Tatum never told any of his players or assistant coaches about what he did and Scarbath never revealed the lengthy strategy session with his coach. "That was Jim Tatum," said Scarbath. "He was always prepared for everything."

Scarbath, who lives near Rising Sun, compared Tatum to Ralph Friedgen, coach of the Maryland team that has just completed a 10-1 regular season. "They're both very thorough in their game preparation, leaving nothing to chance," Scarbath said.

In those days, no polls were taken after the New Year's Day games, so Maryland remained No. 3. The No. 2 team, Michigan State, did not play in a bowl game. So the nation and Volunteers readily recognized that the 10-0 Terps - though it was unofficial - were No. 1.

And although 50 years have gone by, no Maryland team since has had a perfect season. Those 1951 Terps thrashed the rest of the teams in the Southern Conference by an average of 34 points and shut out nonconference opponents Missouri and Louisiana State.

It all started with the team's 6-foot-4, 260-pound coach, a larger-than-life, Babe Ruth type of man who wasn't afraid to take risks.

Tatum was enticed by Maryland president H.C. "Curly" Byrd in 1947 to leave behind a strong Oklahoma program. He was brought in to lift the Terps into the national football limelight, and delivered with a 73-15-4 record over nine years. Besides the perfect season, Tatum took the team to five bowl games and one national championship (1953).

He left in 1956 to become head coach at North Carolina, which was closer to McColl, S.C., where he grew up. Tatum died at 45 after contracting Rocky Mountain spotted fever.

"By the time they figured out what was wrong, it was too late to do anything about it," said his son, Jim Tatum Jr.

Tatum Jr., 54, an attorney in Durham, N.C., recalled his father. "He was the kind of man who could fill a room. He had a presence. When people find out who I am, they still come up to me and hug me."

Tatum's assistant at Maryland was Warren Giese, now a South Carolina state senator. He said Tatum had a "family-like atmosphere" around the team and "if he erred in discipline, it would be on the stricter side."

Giese also said Tatum was a master recruiter and salesman. "He usually looked for kids who came from tough financial backgrounds and strong families," he said.

Tatum once was on the verge of tears as he delivered an emotional talk to the mother of a prospect. The woman was so moved that she turned to her son and said, "Son, you're going to Maryland."

The coach had been accompanied on the recruiting trip by his star defensive tackle, Dick "Little Mo" Modzelewski, who recalled what happened next.

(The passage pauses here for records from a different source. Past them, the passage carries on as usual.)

theorem proposition4p2:
  fixes m :: nat
  assumes "0 < m"
  shows "(\<exists>(R :: (((rat poly \<times> int \<Rightarrow> rat) \<times> (rat poly \<times> int \<Rightarrow> rat)) set) ring) \<phi>.
            right_ring_of_fractions (QGamma1 m) (T1 m) R \<phi>)
       \<and> (\<forall>(R :: ('r, 'd) ring_scheme) \<phi>.
            right_ring_of_fractions (QGamma1 m) (T1 m) R \<phi> \<longrightarrow> simple_ring R)"
  using exists_right_ring_of_fractions_QGamma1 simple_ring_R[OF assms] by blast

end
(* Let $\mathcal{G}=(\mathcal{N},\mathcal{P})$ be a connected directed graph with nodes $\mathcal{N}=\{1,\dots,N\}$, edges $\mathcal{P}$ written $\ell=(m,n)$, and edge-node incidence matrix $\mathbf{A}\in\mathbb{R}^{P\times N}$ ($A_{\ell,m}=+1$, $A_{\ell,n}=-1$ for $\ell=(m,n)$, zeros elsewhere in row $\ell$). The edges are partitioned into compressors $\mathcal{P}_a$ and lossy pipes $\bar{\mathcal{P}}_a=\mathcal{P}\setminus\mathcal{P}_a$. Assume (A1) no compressor edge belongs to a cycle of $\mathcal{G}$, and (A2) every edge of $\mathcal{G}$ belongs to at most one cycle. Fix a reference node $r$ with given value $\psi_r$, injections $\mathbf{q}\in\mathbb{R}^N$ with $\mathbf{1}^\top\mathbf{q}=0$, $a_\ell>0$ for $\ell\in\bar{\mathcal{P}}_a$, and $\alpha_\ell>0$ for $\ell\in\mathcal{P}_a$. Problem (G1): find $(\boldsymbol{\phi},\boldsymbol{\psi})\in\mathbb{R}^P\times\mathbb{R}^N$ with the given $\psi_r$ such that $\mathbf{A}^\top\boldsymbol{\phi}=\mathbf{q}$; $\psi_m-\psi_n=a_\ell\,\mathrm{sign}(\phi_\ell)\phi_\ell^2$ for all $\ell=(m,n)\in\bar{\mathcal{P}}_a$; $\psi_n\ge0$ for all $n\in\mathcal{N}$; and $\psi_n=\alpha_\ell\psi_m$, $\phi_\ell\ge0$ for all $\ell=(m,n)\in\mathcal{P}_a$. Problem (G2), for a constant $M>0$: minimize $r(\boldsymbol{\psi}):=\sum_{(m,n)\in\bar{\mathcal{P}}_a}|\psi_m-\psi_n|$ over $\boldsymbol{\phi}\in\mathbb{R}^P$, $\boldsymbol{\psi}\in\mathbb{R}^N$ (with the given $\psi_r$) and $\mathbf{x}\in\{0,1\}^{\bar{\mathcal{P}}_a}$, subject to $\mathbf{A}^\top\boldsymbol{\phi}=\mathbf{q}$; $\psi_n=\alpha_\ell\psi_m$ and $\phi_\ell\ge0$ for all $\ell=(m,n)\in\mathcal{P}_a$; and, for every $\ell=(m,n)\in\bar{\mathcal{P}}_a$: $-M(1-x_\ell)\le\phi_\ell\le Mx_\ell$, $-M(1-x_\ell)\le\psi_m-\psi_n-a_\ell\phi_\ell^2$, and $\psi_m-\psi_n+a_\ell\phi_\ell^2\le Mx_\ell$. If (G1) is feasible, then for $M$ sufficiently large, for every minimizer $(\boldsymbol{\phi},\boldsymbol{\psi},\mathbf{x})$ of (G2), the pair $(\boldsymbol{\phi},\boldsymbol{\psi})$ solves (G1).
   Context: $\mathrm{sign}(x)=+1$ for $x>0$, $-1$ for $x<0$, $0$ for $x=0$. A cycle is a closed path in the underlying undirected graph with no repeated edges or nodes. $M$ is a "big-M" constant, which the paper takes to be large. *)

theory Defs
  imports Main "HOL-Analysis.Analysis"
begin

text \<open>A directed multigraph: nodes of finite type 'n, edges of finite type 'e,
  edge l = (src l, dst l).\<close>

definition incidence :: "('e \<Rightarrow> 'n) \<Rightarrow> ('e \<Rightarrow> 'n) \<Rightarrow> 'e \<Rightarrow> 'n \<Rightarrow> real" where
  "incidence src dst l v = (if v = src l then 1 else if v = dst l then -1 else 0)"

definition incT :: "('e::finite \<Rightarrow> 'n) \<Rightarrow> ('e \<Rightarrow> 'n) \<Rightarrow> ('e \<Rightarrow> real) \<Rightarrow> 'n \<Rightarrow> real" where
  "incT src dst phi v = (\<Sum>l\<in>UNIV. incidence src dst l v * phi l)"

Upon leaving the house, the player said, "Coach, I thought for a minute there you were going to cry."

Tatum responded: "It worked, didn't it?"

The success story in 1951 was based on a team-oriented group of talented players who perfected Tatum's choice of a rather new offense at the time, the split-T. In that formation, the quarterback lines up behind the center to take a direct snap.

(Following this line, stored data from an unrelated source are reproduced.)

lemma pow_mult_vec_eq_zero_if_tail_sum_zero:
  assumes y: "y \<in> carrier_vec n" and sum_zero: "tail_sum y = 0"
  shows "B ^\<^sub>m (n + (n - 1 - p)) *\<^sub>v y = 0\<^sub>v n"
proof -
  let ?z = "B ^\<^sub>m (n - 1 - p) *\<^sub>v y"
  have z: "?z \<in> carrier_vec n"
    using B_carrier y by simp
  have "\<forall>i\<in>{p..<n - 1}. v $ i = 0"
    using tail_v_unit unfolding tail_eq_def by auto
  then have z_low: "?z $ i = 0" if "i \<in> {p..<n - 1}" for i
    using index_pow_mult_vec_eq_zero[OF _ _ y, of "n - 1" i "n - 1 - p"] that by auto
  have "tail_sum ?z = ?z $ (n - 1)"
    unfolding tail_sum_def using p_less_n sum.atLeastLessThan_Suc[of p "n - 1" "\<lambda>i. ?z $ i"] z_low
    by simp
  then have "?z $ (n - 1) = 0"
    using tail_sum_pow_mult_vec[OF y] sum_zero by simp
  then have "tail_eq ?z (0\<^sub>v n)"
    unfolding tail_eq_def
  proof (intro ballI)
    fix i assume "i \<in> {p..<n}"
    then show "?z $ i = 0\<^sub>v n $ i"
      using z_low \<open>?z $ (n - 1) = 0\<close> by (cases "i = n - 1") auto
  qed
  then show ?thesis
    using pow_mult_vec_eq_zero_if_tail_zero[OF z] pow_mat_add_mult_vec[OF B_carrier y] by simp
qed

lemma pow_Suc_eq_if_tail_v_unit: "B ^\<^sub>m Suc (n + (n - 1 - p)) = B ^\<^sub>m (n + (n - 1 - p))"
proof -
  let ?N = "n + (n - 1 - p)"
  have "B ^\<^sub>m Suc ?N *\<^sub>v x = B ^\<^sub>m ?N *\<^sub>v x" if x: "x \<in> carrier_vec n" for x
  proof -
    have Bx: "B *\<^sub>v x \<in> carrier_vec n"
      using B_carrier x by simp
    have "tail_sum (B *\<^sub>v x - x) = 0"
      using tail_sum_B_mult_vec[OF x] Bx x by (simp add: tail_sum_def sum_subtractf)
    then have "B ^\<^sub>m ?N *\<^sub>v (B *\<^sub>v x - x) = 0\<^sub>v n"
      using pow_mult_vec_eq_zero_if_tail_sum_zero Bx x by simp
    then have "B ^\<^sub>m ?N *\<^sub>v (B *\<^sub>v x) - B ^\<^sub>m ?N *\<^sub>v x = 0\<^sub>v n"
      using mult_minus_distrib_mat_vec[OF pow_carrier_mat[OF B_carrier] Bx x] by simp
    then have "B ^\<^sub>m ?N *\<^sub>v (B *\<^sub>v x) = B ^\<^sub>m ?N *\<^sub>v x"
      by (rule eq_if_minus_vec_eq_zero[rotated 2]) (use B_carrier Bx x in simp_all)
    then show ?thesis
      using assoc_mult_mat_vec[OF pow_carrier_mat[OF B_carrier] B_carrier x] by simp
  qed
  then show ?thesis
    using eq_mat_iff_mult_vec_eq[OF pow_carrier_mat[OF B_carrier] pow_carrier_mat[OF B_carrier]] by blast
qed

end

lemma nilpotent_B_iff: "nilpotent_mat B \<longleftrightarrow> tail_eq v (0\<^sub>v n)"
  using nilpotent_B_if_tail_v_zero not_nilpotent_B first_nonzero_tail_entry by metis

lemma semi_idempotent_not_nilpotent_B_iff:
  "semi_idempotent n B \<and> \<not> nilpotent_mat B \<longleftrightarrow> tail_eq v (unit_vec n (n - 1))"
proof
  assume "semi_idempotent n B \<and> \<not> nilpotent_mat B"
  moreover obtain m where "p \<le> m" "m < n" "v $ m \<noteq> 0" "\<forall>i\<in>{p..<m}. v $ i = 0"
    using first_nonzero_tail_entry nilpotent_B_if_tail_v_zero calculation by blast
  ultimately show "tail_eq v (unit_vec n (n - 1))"
    using tail_v_unit_if_pow_Suc_eq semi_idempotent_iff_pow_Suc_eq[OF B_carrier] by blast
next
  assume unit: "tail_eq v (unit_vec n (n - 1))"
  then have "v $ (n - 1) = 1"
    using p_less_n unfolding tail_eq_def by auto
  moreover have "n - 1 \<in> {p..<n}"
    using p_less_n by auto
  ultimately have "\<not> tail_eq v (0\<^sub>v n)"
    unfolding tail_eq_def by fastforce
  then show "semi_idempotent n B \<and> \<not> nilpotent_mat B"
    using pow_Suc_eq_if_tail_v_unit[OF unit] semi_idempotent_iff_pow_Suc_eq[OF B_carrier] nilpotent_B_iff
    by blast
qed

lemma col_B:
  assumes j: "j < n"
  shows "col B j = (if j = n - 1 then v else if Suc j \<in> S then 0\<^sub>v n else unit_vec n (Suc j))"
  using j v_carrier B_carrier by (intro eq_vecI) (auto simp: index_B)

lemma rank_B: "vec_space.rank n B = card ({..<n} - S) + (if \<forall>i\<in>S. v $ i = 0 then 0 else 1)"
proof -
  let ?I = "{..<n} - S"
  have cols: "set (cols B) = col B ` {..<n}"
    using B_carrier by (simp add: cols_def atLeast0LessThan)
  have "unit_vec n i \<in> set (cols B)" if "i \<in> ?I" for i
  proof -
    have "i \<noteq> 0"
      using that zero_in_starts by (metis DiffD2)
    then have "col B (i - 1) = unit_vec n i"
      using col_B[of "i - 1"] that by auto
    moreover have "i - 1 \<in> {..<n}"
      using that by auto
    ultimately show ?thesis
      unfolding cols by (metis image_eqI)
  qed
  then have units: "unit_vec n ` ?I \<subseteq> set (cols B)"
    by blast
  moreover have "v \<in> set (cols B)"
  proof -
    have "col B (n - 1) = v" and "n - 1 \<in> {..<n}"
      using col_B[of "n - 1"] p_less_n by auto
    then show ?thesis
      unfolding cols by (metis image_eqI)
  qed
  moreover have "set (cols B) \<subseteq> insert (0\<^sub>v n) (insert v (unit_vec n ` ?I))"
    using col_B p_less_n unfolding cols by (auto split: if_splits)
  moreover have "(\<forall>i<n. i \<notin> ?I \<longrightarrow> v $ i = 0) \<longleftrightarrow> (\<forall>i\<in>S. v $ i = 0)"
    using starts_subset by auto
  ultimately show ?thesis
    using vec_space.rank_unit_vec_cols[OF B_carrier, of ?I] by simp
qed

end

context block_shift
begin

lemma block_shift_last_col: "v \<in> carrier_vec n \<Longrightarrow> block_shift_last_col n p S A v"
  by unfold_locales

lemma nilpotent_replace_last_col_iff:
  assumes "v \<in> carrier_vec n"
  shows "nilpotent_mat (replace_last_col A v) \<longleftrightarrow> (\<forall>i\<in>{p..<n}. v $ i = 0)"
  using block_shift_last_col.nilpotent_B_iff[OF block_shift_last_col[OF assms]]
  by (simp add: block_shift_last_col.B_def[OF block_shift_last_col[OF assms]] tail_eq_def)

lemma semi_idempotent_not_nilpotent_replace_last_col_iff:
  assumes "v \<in> carrier_vec n"
  shows "semi_idempotent n (replace_last_col A v) \<and> \<not> nilpotent_mat (replace_last_col A v)
    \<longleftrightarrow> (\<forall>i\<in>{p..<n}. v $ i = (if i = n - 1 then 1 else 0))"
  using block_shift_last_col.semi_idempotent_not_nilpotent_B_iff[OF block_shift_last_col[OF assms]]
  by (simp add: block_shift_last_col.B_def[OF block_shift_last_col[OF assms]] tail_eq_def)

lemma rank_replace_last_col:
  assumes "v \<in> carrier_vec n"
  shows "vec_space.rank n (replace_last_col A v)
    = card ({..<n} - S) + (if \<forall>i\<in>S. v $ i = 0 then 0 else 1)"
  using block_shift_last_col.rank_B[OF block_shift_last_col[OF assms]]
  by (simp add: block_shift_last_col.B_def[OF block_shift_last_col[OF assms]])

lemma rank_replace_last_col_eq_iff:
  assumes "v \<in> carrier_vec n"
  shows "vec_space.rank n (replace_last_col A v) = vec_space.rank n A \<longleftrightarrow> (\<forall>i\<in>S. v $ i = 0)"
  using rank_replace_last_col[OF assms] rank_replace_last_col[of "0\<^sub>v n"] replace_last_col_zero
    starts_subset by auto

lemma nilpotent_rank_eq_iff:
  assumes "v \<in> carrier_vec n"
  shows "nilpotent_mat (replace_last_col A v)
      \<and> vec_space.rank n (replace_last_col A v) = vec_space.rank n A
    \<longleftrightarrow> (\<forall>i\<in>{p..<n} \<union> S. v $ i = 0)"
  using nilpotent_replace_last_col_iff[OF assms] rank_replace_last_col_eq_iff[OF assms] by auto

lemma semi_idempotent_rank_eq_iff:
  assumes "v \<in> carrier_vec n" and "p < n - 1"
  shows "semi_idempotent n (replace_last_col A v) \<and> \<not> nilpotent_mat (replace_last_col A v)
      \<and> vec_space.rank n (replace_last_col A v) = vec_space.rank n A
    \<longleftrightarrow> (\<forall>i\<in>{p..<n} \<union> S. v $ i = (if i = n - 1 then 1 else 0))"
proof -
  have "n - 1 \<notin> S"
    using assms(2) start_le_last by fastforce
  then have "(\<forall>i\<in>S. v $ i = (if i = n - 1 then 1 else 0)) \<longleftrightarrow> (\<forall>i\<in>S. v $ i = 0)"
    by (intro ball_cong) auto
  then show ?thesis
    unfolding ball_Un
    using semi_idempotent_not_nilpotent_replace_last_col_iff[OF assms(1)]
      rank_replace_last_col_eq_iff[OF assms(1)] by blast
qed

lemma tail_subset: "{p..<n} \<subseteq> {..<n}"
  by auto

lemma card_tail_union_starts: "n - card ({p..<n} \<union> S) = p - (card S - 1)"
proof -
  have "{p..<n} \<union> S = {p..<n} \<union> (S - {p})"
    using last_start_in p_less_n by auto
  moreover have "{p..<n} \<inter> (S - {p}) = {}"
    using start_le_last by fastforce
  moreover have "finite S"
    using finite_subset[OF starts_subset] by simp
  ultimately have "card ({p..<n} \<union> S) = (n - p) + (card S - 1)"
    using last_start_in by (simp add: card_Un_disjoint)
  then show ?thesis
    using p_less_n by linarith
qed

lemma card_nilpotent_replace_last_col:
  "card {B \<in> replace_last_col A ` carrier_vec n. nilpotent_mat B} = card (UNIV :: 'a set) ^ p"
  using card_replace_last_col_filter[OF A_carrier _ tail_subset nilpotent_replace_last_col_iff]
    p_less_n by simp

lemma card_semi_idempotent_replace_last_col:
  "card {B \<in> replace_last_col A ` carrier_vec n. semi_idempotent n B \<and> \<not> nilpotent_mat B}
    = card (UNIV :: 'a set) ^ p"
  using card_replace_last_col_filter[OF A_carrier _ tail_subset
      semi_idempotent_not_nilpotent_replace_last_col_iff] p_less_n by simp

lemma card_nilpotent_rank_eq:
  "card {B \<in> replace_last_col A ` carrier_vec n.
      nilpotent_mat B \<and> vec_space.rank n B = vec_space.rank n A}
    = card (UNIV :: 'a set) ^ (p - (card S - 1))"
  using card_replace_last_col_filter[OF A_carrier _ Un_least[OF tail_subset starts_subset]
      nilpotent_rank_eq_iff] p_less_n card_tail_union_starts by simp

The domination by Maryland's split-T in the Sugar Bowl matchup against Tennessee's renowned single wing contributed to the demise of the latter formation. In the single wing, the center snaps to any one of three backs - halfback, fullback or quarterback.

Baltimore's Scarbath quickly mastered the split-T, and he had plenty of weapons at his disposal. Modzelewski's older brother, Ed "Big Mo" Modzelewski, was one of the most feared fullbacks of the time. He overpowered Tennessee for 153 yards and was named Sugar Bowl MVP.

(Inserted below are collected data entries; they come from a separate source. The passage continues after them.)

text \<open>The blocks aabc and baca are mapped by psi to concatenations of the same two blocks:
  psi(aabc) = aabc aabc baca aabc baca baca baca and psi(baca) = baca aabc aabc baca baca baca aabc.
  Hence psi, acting on words factored into these blocks, is conjugate to a 7-uniform morphism g
  on the block indices {0,1}, and since psi(a) = aabc and psi(b) = baca aabc, both fixed points
  are the block image of the fixed point of g starting with 0 resp. 1.  Replacing each letter of a
  7-automatic sequence by a block of fixed length 4 keeps it 7-automatic: remember the letter
  together with the position inside its block.\<close>

lemma morph_word_Nil [simp]: "morph_word h [] = []"
  and morph_word_Cons [simp]: "morph_word h (x # u) = h x @ morph_word h u"
  and morph_word_append [simp]: "morph_word h (u @ v) = morph_word h u @ morph_word h v"
  by (simp_all add: morph_word_def)

lemma funpow_morph_word_append:
  "(morph_word h ^^ n) (u @ v) = (morph_word h ^^ n) u @ (morph_word h ^^ n) v"
  by (induction n) simp_all

lemma length_concat_map_uniform:
  assumes "\<And>s. length (h s) = q"
  shows "length (concat (map h u)) = q * length u"
  using assms by (induction u) simp_all

lemma length_funpow_morph_word_uniform:
  assumes "\<And>s. length (h s) = q"
  shows "length ((morph_word h ^^ n) u) = q ^ n * length u"
  by (induction n) (simp_all add: morph_word_def length_concat_map_uniform[OF assms])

Halfback Ed Fullerton, who now lives in Pittsburgh, could also have been named the MVP as he played a major role in three of the four touchdowns against the Vols.

Fullerton provided a light moment during one of the Terps' huddles in the Sugar Bowl. After Scarbath called his number on an option pass at the Tennessee 6-yard line, Fullerton, who had small hands and had trouble gripping the ball, protested, "I'm not throwing that ... ball!"

But he did throw the ball, right to the late Bob "Shoo-Shoo" Shemonski for a touchdown and a 14-0 lead in the second quarter. Fullerton later bragged in jest: "Who's the greatest passer in Maryland history? Me, of course. I was 1-for-1."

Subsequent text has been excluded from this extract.